Boats Safe In The Harbor
Now that you have decided to take up boating, whether it's power, or
sail, or manually propelled boats, there are some things you need to
know. You need to know these things not only to be safe on the
water, but to make it safer for all those others out there with you as
Boating is a lot of fun. Boating is also a means to other sports
such as fishing, diving, hunting, and water skiing. But boating can also
be dangerous at times and so you need to know what to do to maximize the
fun in boating while minimizing the risks. Every year there are
thousands of boating accidents, and about seven hundred fatalities.
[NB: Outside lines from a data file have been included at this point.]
(* Let $p$ be an odd prime and $\zeta=e^{2\pi\mathbf i/(p-1)}$. Then $$\prod_{1\le i<j\le \frac{p-1}{2}}(\zeta^{2j}-\zeta^{2i})=e^{\frac{(p-3)(3p+1)}{16}\pi\mathbf i}\cdot\Big(\frac{p-1}{2}\Big)^{\frac{p-1}{4}},$$ where $\big(\frac{p-1}{2}\big)^{\frac{p-1}{4}}$ denotes the positive real power.
   Context: $\mathbf i=\sqrt{-1}$. *)

theory Defs
  imports "HOL-Analysis.Analysis"
begin

end

theory Submission
  imports Defs "HOL-Computational_Algebra.Fundamental_Theorem_Algebra"
begin

text \<open>
  Put \<open>n = (p - 1) / 2\<close> and \<open>\<omega> = \<zeta>\<^sup>2 = exp (2\<pi>\<i> / n)\<close>; the product is the Vandermonde
  product of the \<open>n\<close>-th roots of unity \<open>\<omega>, \<dots>, \<omega>\<^sup>n\<close>. Each factor is
  \<open>\<omega>\<^sup>j - \<omega>\<^sup>i = exp (\<pi>\<i> (i + j) / n) \<cdot> \<i> \<cdot> 2 sin (\<pi> (j - i) / n)\<close> with a nonnegative
  sine, so the argument of the product is an explicit sum of angles. Its squared modulus is the
  discriminant of \<open>x\<^sup>n - 1\<close>: since \<open>\<Prod>\<^sub>j\<^sub>\<noteq>\<^sub>i (\<omega>\<^sup>i - \<omega>\<^sup>j)\<close> is the derivative
  \<open>n x\<^sup>n\<^sup>-\<^sup>1\<close> at \<open>x = \<omega>\<^sup>i\<close>, the product of \<open>|\<omega>\<^sup>i - \<omega>\<^sup>j|\<close> over all \<open>i \<noteq> j\<close> is \<open>n\<^sup>n\<close>.
\<close>

definition increasing_pairs :: "nat \<Rightarrow> (nat \<times> nat) set" where
  "increasing_pairs n = {(i, j). 1 \<le> i \<and> i < j \<and> j \<le> n}"

lemma finite_increasing_pairs [simp]: "finite (increasing_pairs n)"
  by (rule finite_subset[of _ "{1..n} \<times> {1..n}"]) (auto simp: increasing_pairs_def)

lemma increasing_pairs_eq_Sigma: "increasing_pairs n = prod.swap ` (SIGMA j:{1..n}. {1..<j})"
  by (auto simp: increasing_pairs_def image_iff)

lemma sum_increasing_pairs:
  "(\<Sum>(i, j) \<in> increasing_pairs n. g i j) = (\<Sum>j=1..n. \<Sum>i=1..<j. g i j)"
  by (simp add: increasing_pairs_eq_Sigma sum.reindex sum.Sigma case_prod_unfold)

lemma card_increasing_pairs: "2 * card (increasing_pairs n) = (n - 1) * n"
proof -
  have "card (increasing_pairs n) = (\<Sum>j=1..n. j - 1)"
    using sum_increasing_pairs[of "\<lambda>_ _. 1::nat" n] by simp
  moreover have "2 * (\<Sum>j=1..n. j - 1) = (n - 1) * n"
    by (induction n) (auto simp: algebra_simps)
  ultimately show ?thesis by simp
qed

lemma sum_index_increasing_pairs:
  "2 * (\<Sum>(i, j) \<in> increasing_pairs n. i + j) = (n - 1) * n * (n + 1)"
proof -
  have "2 * (\<Sum>j=1..n. \<Sum>i=1..<j. i + j) = (n - 1) * n * (n + 1)"
  proof (induction n)
    case (Suc n)
    have "2 * (\<Sum>i=1..<Suc n. i) = n * Suc n"
      by (induction n) auto
    moreover have "(\<Sum>i=1..<Suc n. i + Suc n) = (\<Sum>i=1..<Suc n. i) + n * Suc n"
      by (subst sum.distrib) simp
    ultimately have last: "2 * (\<Sum>i=1..<Suc n. i + Suc n) = 3 * n * Suc n"
      by simp
    have "2 * (\<Sum>j=1..Suc n. \<Sum>i=1..<j. i + j)
        = 2 * (\<Sum>j=1..n. \<Sum>i=1..<j. i + j) + 2 * (\<Sum>i=1..<Suc n. i + Suc n)"
      by (simp only: sum.cl_ivl_Suc) simp
    also have "\<dots> = (n - 1) * n * (n + 1) + 3 * n * Suc n"
      by (simp only: Suc.IH last)
    also have "\<dots> = (Suc n - 1) * Suc n * (Suc n + 1)"
      by (cases n) (simp_all add: algebra_simps)
    finally show ?case .
  qed simp
  then show ?thesis by (simp add: sum_increasing_pairs)
qed

lemma prod_off_diagonal_symmetric:
  fixes f :: "nat \<Rightarrow> nat \<Rightarrow> 'a::comm_monoid_mult"
  assumes sym: "\<And>i j. f i j = f j i"
  shows "(\<Prod>i\<in>{1..n}. \<Prod>j\<in>{1..n} - {i}. f i j) = (\<Prod>(i, j) \<in> increasing_pairs n. f i j) ^ 2"
proof -
  let ?P = "increasing_pairs n"
  have "(SIGMA i:{1..n}. {1..n} - {i}) = ?P \<union> prod.swap ` ?P"
    by (auto simp: increasing_pairs_def image_iff)
  moreover have "?P \<inter> prod.swap ` ?P = {}"
    by (auto simp: increasing_pairs_def)
  ultimately have "(\<Prod>i\<in>{1..n}. \<Prod>j\<in>{1..n} - {i}. f i j)
      = (\<Prod>(i, j) \<in> ?P. f i j) * (\<Prod>(i, j) \<in> prod.swap ` ?P. f i j)"
    by (simp add: prod.Sigma prod.union_disjoint)
  also have "(\<Prod>(i, j) \<in> prod.swap ` ?P. f i j) = (\<Prod>(i, j) \<in> ?P. f i j)"
    by (subst prod.reindex) (auto simp: case_prod_unfold sym)
  finally show ?thesis by (simp add: power2_eq_square)
qed

lemma prod_diff_roots_unity:
  fixes w :: complex
  assumes n: "n \<ge> 1" and w: "w ^ n = 1"
  shows "(\<Prod>z \<in> {z. z ^ n = 1} - {w}. w - z) = of_nat n * w ^ (n - 1)"
proof -
  let ?R = "{z::complex. z ^ n = 1}"
  define P :: "complex poly" where "P = [:-1:] + monom 1 n"
  have poly_P: "poly P x = x ^ n - 1" for x
    by (simp add: P_def poly_monom)
  have pderiv_P: "pderiv P = monom (of_nat n) (n - 1)"
    by (simp add: P_def pderiv_add pderiv_monom pderiv_pCons)
  have fin: "finite ?R"
    using n by (intro finite_roots_unity) auto
  have lc: "lead_coeff P = 1"
    unfolding P_def using n by (subst lead_coeff_add_le) (auto simp: degree_monom_eq)
  have sqf: "rsquarefree P"
    unfolding rsquarefree_roots
  proof (intro allI notI)
    fix a assume "poly P a = 0 \<and> poly (pderiv P) a = 0"
    then have "a ^ n = 1" and "of_nat n * a ^ (n - 1) = 0"
      by (simp_all add: poly_P pderiv_P poly_monom)
    with n show False
      by (auto simp: power_0_left)
  qed
  have P_eq: "P = (\<Prod>z\<in>?R. [:-z, 1:])"
    using complex_poly_decompose_rsquarefree[OF sqf] lc by (simp add: poly_P)
  have "poly (pderiv P) w = (\<Sum>a\<in>?R. \<Prod>z\<in>?R - {a}. w - z)"
    by (subst P_eq) (simp add: pderiv_prod poly_sum poly_prod pderiv_pCons)
  also have "\<dots> = (\<Prod>z\<in>?R - {w}. w - z) + (\<Sum>a\<in>?R - {w}. \<Prod>z\<in>?R - {a}. w - z)"
    using w by (subst sum.remove[OF fin, of w]) simp_all
  also have "(\<Sum>a\<in>?R - {w}. \<Prod>z\<in>?R - {a}. w - z) = 0"
    using w by (intro sum.neutral ballI prod_zero) (use fin in auto)
  finally show ?thesis
    by (simp add: pderiv_P poly_monom)
qed

definition unit_root :: "nat \<Rightarrow> nat \<Rightarrow> complex" where
  "unit_root n k = cis (2 * pi * real k / real n)"

lemma bij_betw_unit_root:
  assumes "n \<ge> 1"
  shows "bij_betw (unit_root n) {1..n} {z. z ^ n = 1}"
proof -
  define h where "h k = (if k = n then 0 else k)" for k :: nat
  have "bij_betw h {1..n} {..<n}"
    by (rule bij_betw_byWitness[where f' = "\<lambda>k. if k = 0 then n else k"])
       (use assms in \<open>auto simp: h_def\<close>)
  moreover have "bij_betw (\<lambda>k. cis (2 * pi * real k / real n)) {..<n} {z. z ^ n = 1}"
    using assms by (intro Complex.bij_betw_roots_unity) simp
  ultimately have "bij_betw ((\<lambda>k. cis (2 * pi * real k / real n)) \<circ> h) {1..n} {z. z ^ n = 1}"
    by (rule bij_betw_trans)
  moreover have "((\<lambda>k. cis (2 * pi * real k / real n)) \<circ> h) k = unit_root n k" if "k \<in> {1..n}" for k
    using assms by (simp add: h_def unit_root_def)
  ultimately show ?thesis
    using bij_betw_cong[of "{1..n}"] by blast
qed

lemma prod_dist_unit_roots:
  assumes n: "n \<ge> 1"
  shows "(\<Prod>i\<in>{1..n}. \<Prod>j\<in>{1..n} - {i}. norm (unit_root n i - unit_root n j)) = real n ^ n"
proof -
  have bij: "bij_betw (unit_root n) {1..n} {z. z ^ n = 1}"
    using n by (rule bij_betw_unit_root)
  then have inj: "inj_on (unit_root n) {1..n}"
    by (rule bij_betw_imp_inj_on)
  have "(\<Prod>j\<in>{1..n} - {i}. norm (unit_root n i - unit_root n j)) = real n" if i: "i \<in> {1..n}" for i
  proof -
    let ?w = "unit_root n i"
    have im: "unit_root n ` ({1..n} - {i}) = {z. z ^ n = 1} - {?w}"
      using bij i inj_on_image_set_diff[OF inj, of "{1..n}" "{i}"] by (auto simp: bij_betw_def)
    have "(\<Prod>j\<in>{1..n} - {i}. norm (?w - unit_root n j)) = norm (\<Prod>z\<in>{z. z ^ n = 1} - {?w}. ?w - z)"
      by (simp add: prod_norm prod.reindex inj_on_subset[OF inj] flip: im)
    also have "\<dots> = norm (of_nat n * ?w ^ (n - 1))"
      using bij i n by (subst prod_diff_roots_unity) (auto simp: bij_betw_def)
    finally show ?thesis
      by (simp add: norm_mult norm_power unit_root_def)
  qed
  then show ?thesis
    by simp
qed

lemma norm_prod_unit_root_diff:
  assumes "n \<ge> 1"
  shows "norm (\<Prod>(i, j) \<in> increasing_pairs n. unit_root n j - unit_root n i) = real n powr (real n / 2)"
proof -
  let ?N = "norm (\<Prod>(i, j) \<in> increasing_pairs n. unit_root n j - unit_root n i)"
  have "?N ^ 2 = (\<Prod>i\<in>{1..n}. \<Prod>j\<in>{1..n} - {i}. norm (unit_root n i - unit_root n j))"
    by (subst prod_off_diagonal_symmetric)
       (simp_all add: case_prod_unfold norm_minus_commute flip: prod_norm)
  also have "\<dots> = real n ^ n"
    using assms by (rule prod_dist_unit_roots)
  also have "\<dots> = (real n powr (real n / 2)) ^ 2"
    using assms by (simp add: powr_power powr_realpow)
  finally show ?thesis
    by (rule power2_eq_imp_eq) simp_all
qed

lemma prod_cis: "(\<Prod>x\<in>A. cis (f x)) = cis (\<Sum>x\<in>A. f x)"
  by (induction A rule: infinite_finite_induct) (auto simp: cis_mult)

lemma unit_root_diff:
  assumes "n > 0"
  shows "unit_root n j - unit_root n i
           = cis (pi * (real i + real j) / real n) * (\<i> * of_real (2 * sin (pi * (real j - real i) / real n)))"
proof -
  let ?s = "pi * (real i + real j) / real n" and ?t = "pi * (real j - real i) / real n"
  have "\<i> * of_real (2 * sin ?t) = cis ?t - cis (- ?t)"
    by (simp add: complex_eq_iff)
  then have "cis ?s * (\<i> * of_real (2 * sin ?t)) = cis (?s + ?t) - cis (?s + - ?t)"
    by (simp only: right_diff_distrib cis_mult)
  also have "\<dots> = unit_root n j - unit_root n i"
    using assms by (simp add: unit_root_def field_simps)
  finally show ?thesis
    by (rule sym)
qed

lemma prod_unit_root_diff_polar:
  assumes n: "n \<ge> 1"
  shows "(\<Prod>(i, j) \<in> increasing_pairs n. unit_root n j - unit_root n i)
           = cis (pi * (real n - 1) * (3 * real n + 2) / 4)
             * of_real (\<Prod>(i, j) \<in> increasing_pairs n. 2 * sin (pi * (real j - real i) / real n))"
proof -
  let ?P = "increasing_pairs n"
  define S where "S = real (\<Sum>(i, j) \<in> ?P. i + j)"
  define M where "M = real (card ?P)"
  have S: "2 * S = (real n - 1) * real n * (real n + 1)"
    using arg_cong[OF sum_index_increasing_pairs[of n], of real] n
    by (simp add: S_def of_nat_diff algebra_simps)
  have M: "2 * M = (real n - 1) * real n"
    using arg_cong[OF card_increasing_pairs[of n], of real] n by (simp add: M_def of_nat_diff)
  have "(\<Prod>(i, j) \<in> ?P. unit_root n j - unit_root n i)
      = (\<Prod>(i, j) \<in> ?P. cis (pi * (real i + real j) / real n)) * \<i> ^ card ?P
        * of_real (\<Prod>(i, j) \<in> ?P. 2 * sin (pi * (real j - real i) / real n))"
    using n by (simp add: unit_root_diff prod.distrib case_prod_unfold mult.assoc)
  also have "(\<Prod>(i, j) \<in> ?P. cis (pi * (real i + real j) / real n)) = cis (pi / real n * S)"
    by (simp add: prod_cis case_prod_unfold S_def sum_divide_distrib sum_distrib_left
        distrib_left add_divide_distrib)
  also have "\<i> ^ card ?P = cis (M * (pi / 2))"
    by (simp add: M_def Complex.DeMoivre flip: cis_pi_half)
  also have "cis (pi / real n * S) * cis (M * (pi / 2)) = cis (pi * (real n - 1) * (3 * real n + 2) / 4)"
  proof -
    have S': "S = (real n - 1) * real n * (real n + 1) / 2" and M': "M = (real n - 1) * real n / 2"
      using S M by simp_all
    have "pi / real n * S + M * (pi / 2) = pi * (real n - 1) * (3 * real n + 2) / 4"
      unfolding S' M' using n by (simp add: field_simps)
    then show ?thesis
      by (simp only: cis_mult)
  qed
  finally show ?thesis .
qed

lemma prod_sin_increasing_pairs_nonneg:
  "0 \<le> (\<Prod>(i, j) \<in> increasing_pairs n. 2 * sin (pi * (real j - real i) / real n))"
proof (rule prod_nonneg, safe)
  fix i j assume "(i, j) \<in> increasing_pairs n"
  then have "0 \<le> (real j - real i) / real n" "(real j - real i) / real n \<le> 1"
    by (auto simp: increasing_pairs_def field_simps)
  then have "0 \<le> sin (pi * ((real j - real i) / real n))"
    by (intro sin_ge_zero mult_nonneg_nonneg mult_left_le) simp_all
  then show "0 \<le> 2 * sin (pi * (real j - real i) / real n)"
    by simp
qed

theorem prod_unit_root_diff:
  assumes "n \<ge> 1"
  shows "(\<Prod>(i, j) \<in> increasing_pairs n. unit_root n j - unit_root n i)
           = cis (pi * (real n - 1) * (3 * real n + 2) / 4) * of_real (real n powr (real n / 2))"
proof -
  let ?R = "\<Prod>(i, j) \<in> increasing_pairs n. 2 * sin (pi * (real j - real i) / real n)"
  have "real n powr (real n / 2) = norm (\<Prod>(i, j) \<in> increasing_pairs n. unit_root n j - unit_root n i)"
    using assms by (rule norm_prod_unit_root_diff [symmetric])
  also have "\<dots> = norm (cis (pi * (real n - 1) * (3 * real n + 2) / 4) * complex_of_real ?R)"
    by (simp only: prod_unit_root_diff_polar[OF assms])
  also have "\<dots> = ?R"
    using prod_sin_increasing_pairs_nonneg[of n] by (simp only: norm_mult norm_cis norm_of_real)
  finally show ?thesis
    using assms by (simp add: prod_unit_root_diff_polar)
qed

theorem mainTheorem7:
  fixes p :: nat
  assumes "prime p" and "odd p"
  defines "\<zeta> \<equiv> exp (2 * pi * \<i> / of_nat (p - 1))"
  shows "(\<Prod>(i, j) \<in> {(i, j). 1 \<le> i \<and> i < j \<and> j \<le> (p - 1) div 2}.
            \<zeta> ^ (2 * j) - \<zeta> ^ (2 * i))
         = exp (complex_of_real (real ((p - 3) * (3 * p + 1)) / 16 * pi) * \<i>)
           * complex_of_real ((real (p - 1) / 2) powr (real (p - 1) / 4))"
proof -
  define n where "n = (p - 1) div 2"
  have "p \<noteq> 2" "p \<ge> 2"
    using assms(1,2) prime_ge_2_nat by auto
  then have p: "p = 2 * n + 1" and n: "n \<ge> 1"
    using assms(2) unfolding n_def by presburger+
  have "\<zeta> = cis (pi / real n)"
    using n by (simp add: \<zeta>_def p cis_conv_exp field_simps)
  then have \<zeta>_pow: "\<zeta> ^ (2 * k) = unit_root n k" for k
    by (simp add: Complex.DeMoivre unit_root_def field_simps)
  have lhs: "(\<Prod>(i, j) \<in> {(i, j). 1 \<le> i \<and> i < j \<and> j \<le> (p - 1) div 2}. \<zeta> ^ (2 * j) - \<zeta> ^ (2 * i))
      = (\<Prod>(i, j) \<in> increasing_pairs n. unit_root n j - unit_root n i)"
    unfolding increasing_pairs_def n_def[symmetric] by (rule prod.cong) (auto simp: \<zeta>_pow)
  have angle: "real ((p - 3) * (3 * p + 1)) / 16 * pi = pi * (real n - 1) * (3 * real n + 2) / 4"
    using n by (simp add: p of_nat_diff field_simps)
  have base: "real (p - 1) / 2 = real n" and exponent: "real (p - 1) / 4 = real n / 2"
    by (simp_all add: p)
  show ?thesis
    unfolding lhs prod_unit_root_diff[OF n] angle base exponent cis_conv_exp by (simp add: mult_ac)
qed

end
In years past these numbers were much larger, but through a combination
of boating safety education, engineering safer boats, and enforcing
boating laws, the number of accidents and fatalities have decreased by
over 50% since 1972. This has been a combined effort of the
U. S. Coast Guard,
U. S. Coast Guard
Auxiliary, U. S.
Power Squadron, the boating authorities in each state (NASBLA),
the boating industry (NMMA),
the American Boat and Yacht Council (ABYC),
and a host of other boating groups dedicated to boating and to making it
safe for everyone.
Other countries such as Canada, Australia, the European Union, and Japan
all have similar programs to make boating safer for their citizens.
Boating is an international pastime and dates back hundreds of years.
In fact the term yacht comes from the Dutch word jacht, which was a
small fast boat used in Holland, several hundred years ago, and was soon
the choice of many for recreational sailing. Cleopatra had her barge,
and Kings and Queens have had their own boats, but this is no longer the
sport of royalty and the rich alone. It is enjoyed by millions around
the world. In the United States it is enjoyed by about 70 million
people of every income bracket, and every occupation. It truly is
a national recreational pastime.
Boating Safety Education: Basically there are
three types of training;
Formal Education: that is "book learning".
Classes, on-line courses, and books.
Practical Training: This is what we call
seamanship. How to handle your boat safely, how to maneuver it,
how to sail (if it's a sail boat) and how to deal with emergencies and weather. For those using large bodies of water,
navigation is an important part of this training. You can't just
rely on GPS. You need to know how to determine where you are, and
get yourself home safely without electronic aids.
Mechanical Training: Learning how your boat
works, and how to fix it. You may not want to work on
your boat, but in an emergency you will need to know how. You
can't just park it and walk away.
So I will begin with the basics:
nomenclature, boating terms, i.e.
the names of things. Why do you need to know this? Every
occupation or pastime has its' own language. The same is true of boats.